As part of the UK response to the disaster, Oil & Gas UK issued a comprehensive training & competency guideline for upstream personnel. We strongly believed this is what was needed to change the attitude and approach to upstream training by much of the industry and our teams immediately got to work expanding the existing Norwell training to meet these new guidelines.
This process took a number of years as a wide range of topics were developed alongside assessments and exams. We moved our material online to allow easy access for staff overseas and the more we discussed this initiative with friends, colleagues and clients the more we realised the need for it elsewhere.
In 2016 we took some time to look at what was currently being offered to staff of major companies worldwide, both at the awareness level (to all upstream staff) and advanced levels (to engineering teams). What we found was limited opportunity, old technology and restricted in many cases to externally provided courses costing companies thousands of dollars a week per employee.

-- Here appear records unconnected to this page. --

(* Let $T\ge1$, $n\ge2$, $\tau\in\{1,\dots,T\}$, $z^*\in\mathbb{R}$, and for $t=1,\dots,T$ let $\mu_t\in\mathbb{R}$, $\sigma_t>0$. Under $\mathbf{H_0}$ the real numbers $X_{t,k}$ ($t\le T$, $k\le n$) are independent with $X_{t,k}\sim\mathcal{N}(\mu_t,\sigma_t^2)$; under $\mathbf{H_1^\tau}$ they are generated the same way and then $X_{\tau,J}$ is replaced by $z^*$, with $J$ uniform on $\{1,\dots,n\}$ independent of the data. Let $\hat\mu_t=\frac{1}{nt}\sum_{j=1}^t\sum_{k=1}^nX_{j,k}$ ($\hat\mu_0:=0$). Then the ratio of the joint density of $(\hat\mu_1,\dots,\hat\mu_T)$ under $\mathbf{H_1^\tau}$ to that under $\mathbf{H_0}$ equals $\varphi(\hat\mu_\tau;m_1,v_1)/\varphi(\hat\mu_\tau;m_0,v_0)$, where $\varphi(\cdot;m,v)$ is the $\mathcal{N}(m,v)$ density and \[ m_0=\tfrac{\tau-1}{\tau}\hat\mu_{\tau-1}+\tfrac{\mu_\tau}{\tau},\quad v_0=\tfrac{\sigma_\tau^2}{\tau^2n},\quad m_1=\tfrac{\tau-1}{\tau}\hat\mu_{\tau-1}+\tfrac{(n-1)\mu_\tau+z^*}{\tau n},\quad v_1=\tfrac{(n-1)\sigma_\tau^2}{\tau^2n^2}. \] In particular, the likelihood ratio test of $\mathbf{H_0}$ against $\mathbf{H_1^\tau}$ depends on the distribution parameters only through $(\mu_\tau,\sigma_\tau^2)$, not on $(\mu_t,\sigma_t^2)$ for $t\neq\tau$. *)

theory Defs
  imports "HOL-Probability.Probability"
begin

text \<open>Law of the data array X = (X_{t,k}), t in {1..T}, k in {1..n}, under H0:
independent, X_{t,k} ~ N(mu_t, sigma_t^2) (normal_density takes the standard deviation).\<close>
definition H0_data :: "nat \<Rightarrow> nat \<Rightarrow> (nat \<Rightarrow> real) \<Rightarrow> (nat \<Rightarrow> real) \<Rightarrow> (nat \<times> nat \<Rightarrow> real) measure" where
  "H0_data T n \<mu> \<sigma> =
     PiM ({1..T} \<times> {1..n}) (\<lambda>(t,k). density lborel (\<lambda>x. ennreal (normal_density (\<mu> t) (\<sigma> t) x)))"

definition H1_data :: "nat \<Rightarrow> nat \<Rightarrow> (nat \<Rightarrow> real) \<Rightarrow> (nat \<Rightarrow> real) \<Rightarrow> nat \<Rightarrow> real \<Rightarrow> (nat \<times> nat \<Rightarrow> real) measure" where
  "H1_data T n \<mu> \<sigma> \<tau> z =
     distr (H0_data T n \<mu> \<sigma> \<Otimes>\<^sub>M uniform_count_measure {1..n})
           (PiM ({1..T} \<times> {1..n}) (\<lambda>_. lborel))
           (\<lambda>(x, j). x((\<tau>, j) := z))"

definition muhat :: "nat \<Rightarrow> nat \<Rightarrow> (nat \<times> nat \<Rightarrow> real) \<Rightarrow> (nat \<Rightarrow> real)" where
  "muhat T n x = (\<lambda>t\<in>{1..T}. (\<Sum>j=1..t. \<Sum>k=1..n. x (j, k)) / (real n * real t))"

abbreviation lebT :: "nat \<Rightarrow> (nat \<Rightarrow> real) measure" where
  "lebT T \<equiv> PiM {1..T} (\<lambda>_. lborel)"

definition phi :: "real \<Rightarrow> real \<Rightarrow> real \<Rightarrow> real" where
  "phi x m v = normal_density m (sqrt v) x"

end

theory Submission
  imports Defs
begin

Our research determined the following main areas needed to be addressed:
1. Rapidly bring affordable training opportunities to the market;
2. Focus on accessibility both in terms of market penetration and ease of long-term access to material;
3. Expand the adoption of eLearning to allow both of these two areas to succeed;
4. Stop the fierce protection of our information, welcoming the idea that if everyone in the industry improves we will all become more capable, profitable and productive.
A belief in these key areas put us firmly on the road to developing EDGE. Following a further 12 months working with experts in the field of academia, eLearning and software development we built EDGE from the ground up.
To overcome the main issues highlighted in our research we built EDGE with the following key features:
Accessible
· We made EDGE online, highly engaging and dynamic eLearning – just as good on your work PC or Smartphone
Open
· We want knowledge to stay with people as they progress, move jobs and move countries. Every piece of work completed on EDGE will stay with a user for life, accessible on their device 24/7.
Affordable
· But how do we make this affordable?
· EDGE is designed to train tens of thousands of people around the world. Access is PAYG by subscription only, with no one locked into a contract and companies only paying for the users who sign in.
· At the individual level we wanted to make it so that for anyone in the world not getting the training support they need at work, EDGE is somewhere they can turn...and actually afford it.
· How do you determine “affordability” in every market, from the UK to Uganda? We looked at Netflix, a service active in 190 countries and essentially adopted the same structure. Individuals can subscribe for less than $20/month, never locked into a contract and they can leave and return whenever they want.
We hope that by building EDGE to be as accessible, open and affordable as possible more people than ever before will be able to access comprehensive upstream training, the world over.